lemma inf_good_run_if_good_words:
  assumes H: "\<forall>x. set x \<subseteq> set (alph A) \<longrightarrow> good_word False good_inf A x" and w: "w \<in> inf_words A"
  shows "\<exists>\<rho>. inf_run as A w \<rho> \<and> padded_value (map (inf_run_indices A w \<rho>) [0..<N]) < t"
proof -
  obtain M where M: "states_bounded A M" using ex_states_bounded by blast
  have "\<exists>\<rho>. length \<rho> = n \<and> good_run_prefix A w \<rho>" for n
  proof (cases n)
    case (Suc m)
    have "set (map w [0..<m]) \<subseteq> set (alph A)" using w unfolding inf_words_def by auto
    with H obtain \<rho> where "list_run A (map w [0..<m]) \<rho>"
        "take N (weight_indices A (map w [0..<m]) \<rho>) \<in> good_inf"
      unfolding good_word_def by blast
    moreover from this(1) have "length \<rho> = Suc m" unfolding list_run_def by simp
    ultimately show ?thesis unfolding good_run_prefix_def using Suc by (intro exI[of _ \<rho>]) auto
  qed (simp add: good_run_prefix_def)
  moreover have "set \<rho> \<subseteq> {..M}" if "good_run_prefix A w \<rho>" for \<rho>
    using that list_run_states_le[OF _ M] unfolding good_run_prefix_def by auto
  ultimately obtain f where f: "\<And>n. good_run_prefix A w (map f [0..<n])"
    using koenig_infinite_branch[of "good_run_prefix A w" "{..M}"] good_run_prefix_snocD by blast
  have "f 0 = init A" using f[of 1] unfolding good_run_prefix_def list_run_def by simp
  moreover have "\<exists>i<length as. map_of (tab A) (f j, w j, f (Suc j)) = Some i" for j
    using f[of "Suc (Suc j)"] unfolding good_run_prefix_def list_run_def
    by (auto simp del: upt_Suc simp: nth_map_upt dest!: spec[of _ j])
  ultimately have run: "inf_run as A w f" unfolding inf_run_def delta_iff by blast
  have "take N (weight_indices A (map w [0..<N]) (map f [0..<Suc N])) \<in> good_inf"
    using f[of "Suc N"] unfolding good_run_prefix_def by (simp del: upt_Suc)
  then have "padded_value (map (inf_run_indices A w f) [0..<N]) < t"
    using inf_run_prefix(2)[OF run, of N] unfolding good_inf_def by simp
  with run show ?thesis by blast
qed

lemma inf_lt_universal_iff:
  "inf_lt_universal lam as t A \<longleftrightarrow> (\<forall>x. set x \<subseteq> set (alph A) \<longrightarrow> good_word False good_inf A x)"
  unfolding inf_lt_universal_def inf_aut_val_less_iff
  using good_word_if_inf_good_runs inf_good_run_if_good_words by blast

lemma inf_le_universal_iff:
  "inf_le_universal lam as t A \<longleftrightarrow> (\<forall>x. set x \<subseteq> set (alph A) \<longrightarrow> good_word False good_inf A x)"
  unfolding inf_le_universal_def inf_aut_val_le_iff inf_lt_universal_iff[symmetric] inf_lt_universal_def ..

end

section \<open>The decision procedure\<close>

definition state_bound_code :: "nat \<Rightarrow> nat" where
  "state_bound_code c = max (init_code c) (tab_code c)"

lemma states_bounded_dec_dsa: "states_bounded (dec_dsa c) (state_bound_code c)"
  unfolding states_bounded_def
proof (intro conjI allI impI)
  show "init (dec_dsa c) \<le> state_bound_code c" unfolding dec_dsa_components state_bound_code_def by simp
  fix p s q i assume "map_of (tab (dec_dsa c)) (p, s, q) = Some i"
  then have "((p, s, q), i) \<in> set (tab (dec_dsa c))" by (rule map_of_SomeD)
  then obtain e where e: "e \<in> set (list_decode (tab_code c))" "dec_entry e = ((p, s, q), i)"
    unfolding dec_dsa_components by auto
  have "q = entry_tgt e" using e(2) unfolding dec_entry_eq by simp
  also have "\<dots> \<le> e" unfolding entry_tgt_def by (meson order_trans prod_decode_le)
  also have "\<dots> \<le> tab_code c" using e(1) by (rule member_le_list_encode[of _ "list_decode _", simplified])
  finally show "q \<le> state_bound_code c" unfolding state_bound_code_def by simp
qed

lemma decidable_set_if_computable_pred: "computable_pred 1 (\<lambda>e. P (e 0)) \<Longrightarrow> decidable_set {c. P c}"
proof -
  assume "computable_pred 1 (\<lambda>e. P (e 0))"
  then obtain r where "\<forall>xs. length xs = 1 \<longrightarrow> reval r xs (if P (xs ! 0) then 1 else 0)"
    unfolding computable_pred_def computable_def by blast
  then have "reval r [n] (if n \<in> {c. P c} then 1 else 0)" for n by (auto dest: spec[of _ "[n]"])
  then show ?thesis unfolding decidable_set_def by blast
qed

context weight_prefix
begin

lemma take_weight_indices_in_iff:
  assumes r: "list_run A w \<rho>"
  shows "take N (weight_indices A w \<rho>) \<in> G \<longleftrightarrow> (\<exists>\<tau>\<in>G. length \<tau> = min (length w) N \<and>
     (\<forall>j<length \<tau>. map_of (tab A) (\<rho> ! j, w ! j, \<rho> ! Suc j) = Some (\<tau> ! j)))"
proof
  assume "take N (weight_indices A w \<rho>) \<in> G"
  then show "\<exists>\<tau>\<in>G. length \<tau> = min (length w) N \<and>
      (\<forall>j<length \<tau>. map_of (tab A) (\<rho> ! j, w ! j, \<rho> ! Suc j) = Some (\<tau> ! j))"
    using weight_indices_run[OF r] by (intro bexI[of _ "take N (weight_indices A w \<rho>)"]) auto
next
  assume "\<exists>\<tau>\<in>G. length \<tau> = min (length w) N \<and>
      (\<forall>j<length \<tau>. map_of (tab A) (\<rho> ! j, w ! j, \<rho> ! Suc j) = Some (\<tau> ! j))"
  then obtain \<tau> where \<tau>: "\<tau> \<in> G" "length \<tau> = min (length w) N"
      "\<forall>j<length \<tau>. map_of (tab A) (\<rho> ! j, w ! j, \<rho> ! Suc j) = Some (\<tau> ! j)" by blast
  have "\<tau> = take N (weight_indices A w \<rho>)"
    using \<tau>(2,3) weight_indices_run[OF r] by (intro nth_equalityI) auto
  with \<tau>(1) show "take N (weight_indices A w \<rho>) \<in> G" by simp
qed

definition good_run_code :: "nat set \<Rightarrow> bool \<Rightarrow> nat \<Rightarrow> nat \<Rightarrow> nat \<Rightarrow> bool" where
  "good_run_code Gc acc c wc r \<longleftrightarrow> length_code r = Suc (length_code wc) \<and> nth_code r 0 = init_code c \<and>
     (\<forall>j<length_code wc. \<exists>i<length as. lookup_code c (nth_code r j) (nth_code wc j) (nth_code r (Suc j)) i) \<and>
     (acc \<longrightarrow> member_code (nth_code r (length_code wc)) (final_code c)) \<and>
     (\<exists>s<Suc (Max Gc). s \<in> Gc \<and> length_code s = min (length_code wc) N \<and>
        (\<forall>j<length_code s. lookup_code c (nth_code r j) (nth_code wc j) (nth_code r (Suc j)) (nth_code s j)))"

────────

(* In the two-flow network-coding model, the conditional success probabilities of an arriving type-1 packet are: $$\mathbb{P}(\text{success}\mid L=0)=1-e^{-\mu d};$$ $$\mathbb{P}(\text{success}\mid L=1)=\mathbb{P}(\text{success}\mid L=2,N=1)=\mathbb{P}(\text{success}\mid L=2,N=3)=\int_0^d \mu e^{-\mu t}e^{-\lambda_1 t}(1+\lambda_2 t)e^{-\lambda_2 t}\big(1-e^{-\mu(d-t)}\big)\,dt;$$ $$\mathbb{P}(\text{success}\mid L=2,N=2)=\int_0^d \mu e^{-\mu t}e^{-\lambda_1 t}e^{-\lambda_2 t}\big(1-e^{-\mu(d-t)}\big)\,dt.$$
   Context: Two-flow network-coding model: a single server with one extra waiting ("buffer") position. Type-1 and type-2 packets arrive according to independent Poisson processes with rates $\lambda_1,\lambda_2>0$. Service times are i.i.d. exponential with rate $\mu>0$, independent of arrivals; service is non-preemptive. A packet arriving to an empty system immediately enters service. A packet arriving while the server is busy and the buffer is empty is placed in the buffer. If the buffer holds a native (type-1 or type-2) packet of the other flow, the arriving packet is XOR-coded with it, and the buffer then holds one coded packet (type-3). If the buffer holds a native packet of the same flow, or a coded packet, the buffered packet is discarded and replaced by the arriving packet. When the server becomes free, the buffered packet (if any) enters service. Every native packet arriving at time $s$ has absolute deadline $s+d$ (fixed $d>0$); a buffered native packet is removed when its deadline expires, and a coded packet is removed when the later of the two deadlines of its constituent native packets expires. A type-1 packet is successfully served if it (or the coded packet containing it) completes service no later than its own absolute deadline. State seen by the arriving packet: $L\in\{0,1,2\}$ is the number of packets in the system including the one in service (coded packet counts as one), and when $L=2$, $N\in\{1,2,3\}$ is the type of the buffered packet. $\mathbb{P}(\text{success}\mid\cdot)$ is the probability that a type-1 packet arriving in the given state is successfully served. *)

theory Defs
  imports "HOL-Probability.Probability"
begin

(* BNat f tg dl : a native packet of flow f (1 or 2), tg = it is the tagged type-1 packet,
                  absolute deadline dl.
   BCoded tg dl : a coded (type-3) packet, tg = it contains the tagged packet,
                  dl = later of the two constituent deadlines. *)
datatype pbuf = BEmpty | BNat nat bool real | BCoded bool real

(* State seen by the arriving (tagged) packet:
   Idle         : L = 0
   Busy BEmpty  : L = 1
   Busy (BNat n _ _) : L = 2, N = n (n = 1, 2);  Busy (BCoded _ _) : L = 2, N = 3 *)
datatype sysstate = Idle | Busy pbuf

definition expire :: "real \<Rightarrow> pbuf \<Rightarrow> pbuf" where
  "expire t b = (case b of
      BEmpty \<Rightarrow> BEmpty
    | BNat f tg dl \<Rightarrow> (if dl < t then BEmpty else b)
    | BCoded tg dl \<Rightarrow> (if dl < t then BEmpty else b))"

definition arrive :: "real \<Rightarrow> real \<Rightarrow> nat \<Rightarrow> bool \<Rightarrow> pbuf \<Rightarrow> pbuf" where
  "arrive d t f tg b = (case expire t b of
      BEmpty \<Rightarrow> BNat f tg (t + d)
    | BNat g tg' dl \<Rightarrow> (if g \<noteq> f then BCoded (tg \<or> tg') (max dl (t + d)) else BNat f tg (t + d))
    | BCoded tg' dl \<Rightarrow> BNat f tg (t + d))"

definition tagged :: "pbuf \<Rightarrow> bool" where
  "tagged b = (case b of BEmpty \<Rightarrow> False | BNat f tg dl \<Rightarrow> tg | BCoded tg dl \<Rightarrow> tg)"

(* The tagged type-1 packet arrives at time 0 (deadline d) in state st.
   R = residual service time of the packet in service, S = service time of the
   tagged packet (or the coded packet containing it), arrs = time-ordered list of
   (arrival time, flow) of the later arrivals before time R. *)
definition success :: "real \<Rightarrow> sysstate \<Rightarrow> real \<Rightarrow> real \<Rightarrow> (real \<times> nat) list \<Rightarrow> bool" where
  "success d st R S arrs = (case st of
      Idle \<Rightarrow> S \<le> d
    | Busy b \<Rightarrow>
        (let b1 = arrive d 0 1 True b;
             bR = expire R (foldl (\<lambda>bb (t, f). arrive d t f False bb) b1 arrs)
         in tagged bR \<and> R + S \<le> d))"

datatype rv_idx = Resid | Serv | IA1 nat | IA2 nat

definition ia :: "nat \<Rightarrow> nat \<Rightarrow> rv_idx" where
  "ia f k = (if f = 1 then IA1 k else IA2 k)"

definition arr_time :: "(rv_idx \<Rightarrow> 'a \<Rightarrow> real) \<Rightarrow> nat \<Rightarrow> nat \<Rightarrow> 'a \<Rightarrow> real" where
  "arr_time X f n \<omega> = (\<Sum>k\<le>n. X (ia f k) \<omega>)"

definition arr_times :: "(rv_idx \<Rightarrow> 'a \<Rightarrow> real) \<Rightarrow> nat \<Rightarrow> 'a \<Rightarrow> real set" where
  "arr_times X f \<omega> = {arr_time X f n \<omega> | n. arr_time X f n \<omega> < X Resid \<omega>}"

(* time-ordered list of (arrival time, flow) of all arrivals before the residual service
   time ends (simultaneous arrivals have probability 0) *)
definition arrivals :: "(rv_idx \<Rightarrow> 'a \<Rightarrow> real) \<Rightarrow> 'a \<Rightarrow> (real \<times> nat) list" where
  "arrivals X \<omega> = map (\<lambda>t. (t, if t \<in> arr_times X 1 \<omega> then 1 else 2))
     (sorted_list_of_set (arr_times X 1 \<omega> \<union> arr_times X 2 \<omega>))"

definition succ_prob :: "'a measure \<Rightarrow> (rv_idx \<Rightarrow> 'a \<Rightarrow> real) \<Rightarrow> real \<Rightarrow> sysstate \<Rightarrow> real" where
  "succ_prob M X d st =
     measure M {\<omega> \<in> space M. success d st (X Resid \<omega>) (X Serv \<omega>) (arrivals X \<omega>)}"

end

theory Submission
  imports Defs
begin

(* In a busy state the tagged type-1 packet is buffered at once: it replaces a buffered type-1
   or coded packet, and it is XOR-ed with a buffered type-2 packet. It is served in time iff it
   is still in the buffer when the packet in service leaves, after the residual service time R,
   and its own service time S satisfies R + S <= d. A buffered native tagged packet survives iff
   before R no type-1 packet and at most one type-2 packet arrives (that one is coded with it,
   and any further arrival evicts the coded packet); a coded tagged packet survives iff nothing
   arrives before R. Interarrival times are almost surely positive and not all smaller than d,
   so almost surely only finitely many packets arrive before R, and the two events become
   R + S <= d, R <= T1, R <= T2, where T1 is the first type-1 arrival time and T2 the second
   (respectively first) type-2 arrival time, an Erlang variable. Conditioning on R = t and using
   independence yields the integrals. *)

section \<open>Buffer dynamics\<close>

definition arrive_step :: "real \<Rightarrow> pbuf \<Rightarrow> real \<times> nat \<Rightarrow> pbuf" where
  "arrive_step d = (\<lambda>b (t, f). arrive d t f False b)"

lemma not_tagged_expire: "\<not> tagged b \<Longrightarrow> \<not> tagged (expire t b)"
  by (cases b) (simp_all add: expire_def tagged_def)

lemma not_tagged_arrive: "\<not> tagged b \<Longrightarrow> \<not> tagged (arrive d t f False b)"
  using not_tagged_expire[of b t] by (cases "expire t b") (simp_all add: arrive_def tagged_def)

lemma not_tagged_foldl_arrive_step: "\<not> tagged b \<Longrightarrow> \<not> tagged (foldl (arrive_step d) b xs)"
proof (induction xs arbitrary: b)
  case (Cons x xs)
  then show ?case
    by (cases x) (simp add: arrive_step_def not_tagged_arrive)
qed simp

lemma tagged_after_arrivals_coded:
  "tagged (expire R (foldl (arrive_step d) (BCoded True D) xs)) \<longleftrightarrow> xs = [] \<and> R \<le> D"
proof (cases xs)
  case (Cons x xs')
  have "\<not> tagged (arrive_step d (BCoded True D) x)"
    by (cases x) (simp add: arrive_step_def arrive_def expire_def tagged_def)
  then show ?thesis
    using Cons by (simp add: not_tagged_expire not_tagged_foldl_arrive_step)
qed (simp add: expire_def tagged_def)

────────

Please give back, exactly as it stands above, the stretch from the line with "by (auto simp" through the line with "(map w [0..<N])", and no line outside it.

:: ANSWER TO THIS TASK ::
    by (auto simp del: upt_Suc simp: nth_map_upt dest!: spec[of _ j])
  ultimately have run: "inf_run as A w f" unfolding inf_run_def delta_iff by blast
  have "take N (weight_indices A (map w [0..<N]) (map f [0..<Suc N])) \<in> good_inf"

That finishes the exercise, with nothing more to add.